(Extracted data entries)
* * * * * * *
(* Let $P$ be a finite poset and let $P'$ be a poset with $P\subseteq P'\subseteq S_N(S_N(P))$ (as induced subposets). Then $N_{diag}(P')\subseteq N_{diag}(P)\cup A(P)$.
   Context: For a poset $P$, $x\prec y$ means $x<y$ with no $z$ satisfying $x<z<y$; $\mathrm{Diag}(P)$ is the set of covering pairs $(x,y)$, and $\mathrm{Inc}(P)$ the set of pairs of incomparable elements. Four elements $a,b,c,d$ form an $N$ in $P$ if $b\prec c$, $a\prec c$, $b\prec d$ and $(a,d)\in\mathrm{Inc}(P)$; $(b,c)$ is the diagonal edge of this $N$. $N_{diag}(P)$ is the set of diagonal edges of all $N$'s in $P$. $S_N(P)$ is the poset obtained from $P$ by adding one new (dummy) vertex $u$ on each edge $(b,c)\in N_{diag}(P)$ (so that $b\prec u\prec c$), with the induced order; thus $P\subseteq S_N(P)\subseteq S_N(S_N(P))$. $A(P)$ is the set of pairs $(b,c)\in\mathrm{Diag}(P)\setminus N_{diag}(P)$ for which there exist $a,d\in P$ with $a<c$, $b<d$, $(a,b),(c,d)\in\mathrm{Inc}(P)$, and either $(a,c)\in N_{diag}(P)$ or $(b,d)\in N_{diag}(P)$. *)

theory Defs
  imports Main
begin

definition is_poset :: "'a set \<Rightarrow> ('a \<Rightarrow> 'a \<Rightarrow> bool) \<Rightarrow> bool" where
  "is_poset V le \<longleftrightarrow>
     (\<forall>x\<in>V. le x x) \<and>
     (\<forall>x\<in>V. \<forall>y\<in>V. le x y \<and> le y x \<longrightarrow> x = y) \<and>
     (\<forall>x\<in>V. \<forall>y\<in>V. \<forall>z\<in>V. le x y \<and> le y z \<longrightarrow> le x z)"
* * * * * * *
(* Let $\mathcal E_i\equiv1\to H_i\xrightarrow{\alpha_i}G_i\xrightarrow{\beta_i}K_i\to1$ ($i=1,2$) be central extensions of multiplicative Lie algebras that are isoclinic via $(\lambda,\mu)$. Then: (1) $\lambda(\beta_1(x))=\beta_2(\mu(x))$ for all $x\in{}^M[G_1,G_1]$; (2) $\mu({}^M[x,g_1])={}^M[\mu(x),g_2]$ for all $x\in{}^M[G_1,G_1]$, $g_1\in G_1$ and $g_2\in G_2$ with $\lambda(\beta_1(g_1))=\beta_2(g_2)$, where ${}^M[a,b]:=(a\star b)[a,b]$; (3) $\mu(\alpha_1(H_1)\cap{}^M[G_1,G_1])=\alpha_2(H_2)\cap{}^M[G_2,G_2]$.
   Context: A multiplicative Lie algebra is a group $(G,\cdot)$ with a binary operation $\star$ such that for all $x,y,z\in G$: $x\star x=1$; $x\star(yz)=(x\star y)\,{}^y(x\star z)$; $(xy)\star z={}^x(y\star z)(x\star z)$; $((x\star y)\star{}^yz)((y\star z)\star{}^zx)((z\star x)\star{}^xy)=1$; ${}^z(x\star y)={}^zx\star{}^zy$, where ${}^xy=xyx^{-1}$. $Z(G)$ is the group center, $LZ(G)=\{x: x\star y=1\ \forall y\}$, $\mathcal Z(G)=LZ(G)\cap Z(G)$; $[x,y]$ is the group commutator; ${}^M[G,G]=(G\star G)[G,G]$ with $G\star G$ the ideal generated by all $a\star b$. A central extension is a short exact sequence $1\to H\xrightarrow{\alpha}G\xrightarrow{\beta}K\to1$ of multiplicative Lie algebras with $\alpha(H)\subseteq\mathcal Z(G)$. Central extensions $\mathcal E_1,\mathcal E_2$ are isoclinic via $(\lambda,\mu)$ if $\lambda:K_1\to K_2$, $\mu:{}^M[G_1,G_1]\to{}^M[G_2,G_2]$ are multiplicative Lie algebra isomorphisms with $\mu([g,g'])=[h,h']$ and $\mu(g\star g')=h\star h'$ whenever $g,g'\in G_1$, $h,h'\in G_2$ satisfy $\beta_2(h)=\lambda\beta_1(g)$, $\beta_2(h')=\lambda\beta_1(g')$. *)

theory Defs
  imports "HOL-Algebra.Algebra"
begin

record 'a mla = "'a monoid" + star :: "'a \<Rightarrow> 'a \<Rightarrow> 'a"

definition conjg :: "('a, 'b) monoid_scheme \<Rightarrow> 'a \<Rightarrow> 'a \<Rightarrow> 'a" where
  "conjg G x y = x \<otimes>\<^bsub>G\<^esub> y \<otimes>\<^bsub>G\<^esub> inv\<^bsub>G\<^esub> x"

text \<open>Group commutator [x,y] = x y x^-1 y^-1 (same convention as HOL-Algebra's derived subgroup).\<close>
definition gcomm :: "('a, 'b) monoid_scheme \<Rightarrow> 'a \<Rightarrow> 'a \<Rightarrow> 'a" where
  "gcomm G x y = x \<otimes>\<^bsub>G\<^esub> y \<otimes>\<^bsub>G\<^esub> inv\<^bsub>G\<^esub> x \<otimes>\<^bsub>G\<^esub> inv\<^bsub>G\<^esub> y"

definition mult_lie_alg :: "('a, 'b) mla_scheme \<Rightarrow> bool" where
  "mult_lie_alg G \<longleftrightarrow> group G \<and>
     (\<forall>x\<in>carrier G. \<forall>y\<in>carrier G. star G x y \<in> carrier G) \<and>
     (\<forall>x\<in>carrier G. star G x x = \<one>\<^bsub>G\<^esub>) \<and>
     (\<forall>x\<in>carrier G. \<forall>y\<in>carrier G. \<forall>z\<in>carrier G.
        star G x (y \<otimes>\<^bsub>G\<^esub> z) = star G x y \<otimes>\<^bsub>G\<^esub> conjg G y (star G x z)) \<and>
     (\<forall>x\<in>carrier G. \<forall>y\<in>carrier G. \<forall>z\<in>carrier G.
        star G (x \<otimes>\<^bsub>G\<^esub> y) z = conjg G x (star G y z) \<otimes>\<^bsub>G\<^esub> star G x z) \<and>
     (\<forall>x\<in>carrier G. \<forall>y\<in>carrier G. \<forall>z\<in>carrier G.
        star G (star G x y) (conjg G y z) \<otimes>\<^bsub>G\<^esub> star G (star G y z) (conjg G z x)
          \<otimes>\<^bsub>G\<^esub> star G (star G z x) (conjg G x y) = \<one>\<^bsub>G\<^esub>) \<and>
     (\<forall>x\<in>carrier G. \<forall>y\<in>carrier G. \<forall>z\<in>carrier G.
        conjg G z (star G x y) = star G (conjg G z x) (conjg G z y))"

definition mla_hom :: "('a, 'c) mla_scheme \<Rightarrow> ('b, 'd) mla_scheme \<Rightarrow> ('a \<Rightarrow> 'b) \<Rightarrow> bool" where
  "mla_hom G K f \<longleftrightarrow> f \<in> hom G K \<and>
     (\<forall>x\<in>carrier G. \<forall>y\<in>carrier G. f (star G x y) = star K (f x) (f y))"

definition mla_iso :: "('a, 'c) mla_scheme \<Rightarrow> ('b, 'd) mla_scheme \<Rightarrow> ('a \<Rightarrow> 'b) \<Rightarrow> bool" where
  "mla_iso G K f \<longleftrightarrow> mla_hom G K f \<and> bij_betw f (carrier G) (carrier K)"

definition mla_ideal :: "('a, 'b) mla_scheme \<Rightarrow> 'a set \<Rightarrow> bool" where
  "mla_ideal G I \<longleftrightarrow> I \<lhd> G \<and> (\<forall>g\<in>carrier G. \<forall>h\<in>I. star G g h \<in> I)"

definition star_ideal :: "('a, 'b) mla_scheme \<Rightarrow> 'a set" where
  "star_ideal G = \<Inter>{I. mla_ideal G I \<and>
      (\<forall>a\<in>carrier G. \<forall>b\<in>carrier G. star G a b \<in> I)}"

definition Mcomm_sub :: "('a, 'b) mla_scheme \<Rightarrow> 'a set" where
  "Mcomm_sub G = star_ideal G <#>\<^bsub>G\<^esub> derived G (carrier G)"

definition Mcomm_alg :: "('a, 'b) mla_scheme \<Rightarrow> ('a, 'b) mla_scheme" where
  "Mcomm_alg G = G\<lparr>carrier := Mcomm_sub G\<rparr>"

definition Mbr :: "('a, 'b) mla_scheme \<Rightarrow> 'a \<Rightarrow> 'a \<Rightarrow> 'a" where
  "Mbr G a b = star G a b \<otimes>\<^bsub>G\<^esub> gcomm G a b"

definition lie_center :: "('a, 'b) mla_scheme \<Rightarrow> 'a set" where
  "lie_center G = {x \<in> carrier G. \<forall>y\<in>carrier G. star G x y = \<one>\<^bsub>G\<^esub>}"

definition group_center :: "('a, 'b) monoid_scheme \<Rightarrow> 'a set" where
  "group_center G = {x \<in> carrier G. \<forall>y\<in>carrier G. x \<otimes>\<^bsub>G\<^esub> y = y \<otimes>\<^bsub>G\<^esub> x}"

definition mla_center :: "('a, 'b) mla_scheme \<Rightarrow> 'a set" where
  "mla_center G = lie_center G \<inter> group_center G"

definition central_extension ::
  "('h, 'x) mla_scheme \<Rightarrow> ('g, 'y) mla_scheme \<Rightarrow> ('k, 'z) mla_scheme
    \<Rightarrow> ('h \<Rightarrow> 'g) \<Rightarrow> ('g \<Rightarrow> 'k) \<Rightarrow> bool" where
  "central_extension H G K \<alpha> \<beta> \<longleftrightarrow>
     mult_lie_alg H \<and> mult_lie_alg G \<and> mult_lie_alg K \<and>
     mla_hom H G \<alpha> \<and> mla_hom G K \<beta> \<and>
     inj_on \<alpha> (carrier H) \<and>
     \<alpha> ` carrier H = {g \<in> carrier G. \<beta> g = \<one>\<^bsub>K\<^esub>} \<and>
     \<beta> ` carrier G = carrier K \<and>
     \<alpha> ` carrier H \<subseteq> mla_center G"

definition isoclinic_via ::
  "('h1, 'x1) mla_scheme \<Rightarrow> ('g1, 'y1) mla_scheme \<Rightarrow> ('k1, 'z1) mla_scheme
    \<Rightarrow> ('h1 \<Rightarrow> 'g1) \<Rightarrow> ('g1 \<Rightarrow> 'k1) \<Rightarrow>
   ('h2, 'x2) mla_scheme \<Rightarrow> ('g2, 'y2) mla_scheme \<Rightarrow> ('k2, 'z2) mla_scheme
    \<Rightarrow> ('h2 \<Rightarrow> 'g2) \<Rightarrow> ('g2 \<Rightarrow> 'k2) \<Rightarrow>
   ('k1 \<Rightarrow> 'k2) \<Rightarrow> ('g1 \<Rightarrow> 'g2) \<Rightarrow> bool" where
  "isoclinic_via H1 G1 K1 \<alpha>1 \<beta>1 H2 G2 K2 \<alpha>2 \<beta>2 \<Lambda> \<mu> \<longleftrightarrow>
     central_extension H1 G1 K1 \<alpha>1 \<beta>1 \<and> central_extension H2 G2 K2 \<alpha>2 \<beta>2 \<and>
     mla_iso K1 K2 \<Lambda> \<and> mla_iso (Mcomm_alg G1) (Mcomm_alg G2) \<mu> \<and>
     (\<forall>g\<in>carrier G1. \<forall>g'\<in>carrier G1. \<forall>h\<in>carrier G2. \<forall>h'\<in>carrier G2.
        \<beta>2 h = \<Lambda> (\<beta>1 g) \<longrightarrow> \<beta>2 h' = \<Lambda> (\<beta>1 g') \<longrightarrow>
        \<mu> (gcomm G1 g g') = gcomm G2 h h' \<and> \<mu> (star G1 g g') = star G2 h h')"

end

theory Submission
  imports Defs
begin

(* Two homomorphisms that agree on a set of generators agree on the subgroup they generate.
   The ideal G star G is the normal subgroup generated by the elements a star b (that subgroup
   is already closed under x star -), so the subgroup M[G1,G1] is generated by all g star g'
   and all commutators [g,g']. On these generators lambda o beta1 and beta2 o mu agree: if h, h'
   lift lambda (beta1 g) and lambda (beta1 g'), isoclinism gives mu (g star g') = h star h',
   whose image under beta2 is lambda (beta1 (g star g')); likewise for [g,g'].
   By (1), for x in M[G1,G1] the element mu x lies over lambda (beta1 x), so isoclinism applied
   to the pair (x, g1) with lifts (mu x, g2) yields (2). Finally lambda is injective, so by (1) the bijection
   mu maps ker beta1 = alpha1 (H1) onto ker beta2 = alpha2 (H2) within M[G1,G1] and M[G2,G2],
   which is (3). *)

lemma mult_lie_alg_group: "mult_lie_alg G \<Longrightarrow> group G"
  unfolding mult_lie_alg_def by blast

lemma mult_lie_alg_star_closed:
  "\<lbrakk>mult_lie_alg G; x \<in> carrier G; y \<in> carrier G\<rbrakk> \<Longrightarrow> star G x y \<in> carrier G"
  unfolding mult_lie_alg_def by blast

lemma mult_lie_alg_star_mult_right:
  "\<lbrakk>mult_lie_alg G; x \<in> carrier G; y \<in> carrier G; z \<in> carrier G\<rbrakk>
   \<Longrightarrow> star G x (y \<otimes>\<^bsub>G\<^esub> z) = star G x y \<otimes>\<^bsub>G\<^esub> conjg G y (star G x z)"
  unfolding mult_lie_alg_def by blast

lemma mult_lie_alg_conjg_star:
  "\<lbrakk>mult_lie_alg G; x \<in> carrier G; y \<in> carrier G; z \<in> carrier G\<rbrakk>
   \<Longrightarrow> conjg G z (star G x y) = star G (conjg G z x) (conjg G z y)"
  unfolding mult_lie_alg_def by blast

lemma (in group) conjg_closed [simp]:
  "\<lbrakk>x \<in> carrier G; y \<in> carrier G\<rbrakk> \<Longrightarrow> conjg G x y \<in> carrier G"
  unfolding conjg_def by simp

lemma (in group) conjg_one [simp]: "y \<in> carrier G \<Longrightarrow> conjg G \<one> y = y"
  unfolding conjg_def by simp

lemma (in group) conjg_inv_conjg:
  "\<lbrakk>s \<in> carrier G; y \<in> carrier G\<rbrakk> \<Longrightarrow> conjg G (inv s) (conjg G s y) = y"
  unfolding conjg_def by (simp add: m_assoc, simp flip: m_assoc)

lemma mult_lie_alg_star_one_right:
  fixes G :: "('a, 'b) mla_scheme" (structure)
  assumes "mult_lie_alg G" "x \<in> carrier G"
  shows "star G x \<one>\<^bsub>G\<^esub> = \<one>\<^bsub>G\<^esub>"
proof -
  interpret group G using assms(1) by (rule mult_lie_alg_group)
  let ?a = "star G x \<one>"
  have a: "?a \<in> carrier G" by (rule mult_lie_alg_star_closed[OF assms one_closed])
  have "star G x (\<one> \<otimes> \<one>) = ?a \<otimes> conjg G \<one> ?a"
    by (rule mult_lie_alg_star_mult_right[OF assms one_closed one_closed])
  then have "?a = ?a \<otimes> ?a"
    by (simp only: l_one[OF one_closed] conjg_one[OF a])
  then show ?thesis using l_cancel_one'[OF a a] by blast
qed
* * * * * * *
What you have to do:
Copy out, in full, each line above that has the word "lemma" in it.

Answer section:
lemma mult_lie_alg_group: "mult_lie_alg G \<Longrightarrow> group G"
lemma mult_lie_alg_star_closed:
lemma mult_lie_alg_star_mult_right:
lemma mult_lie_alg_conjg_star:
lemma (in group) conjg_closed [simp]:
lemma (in group) conjg_one [simp]: "y \<in> carrier G \<Longrightarrow> conjg G \<one> y = y"
lemma (in group) conjg_inv_conjg:
lemma mult_lie_alg_star_one_right:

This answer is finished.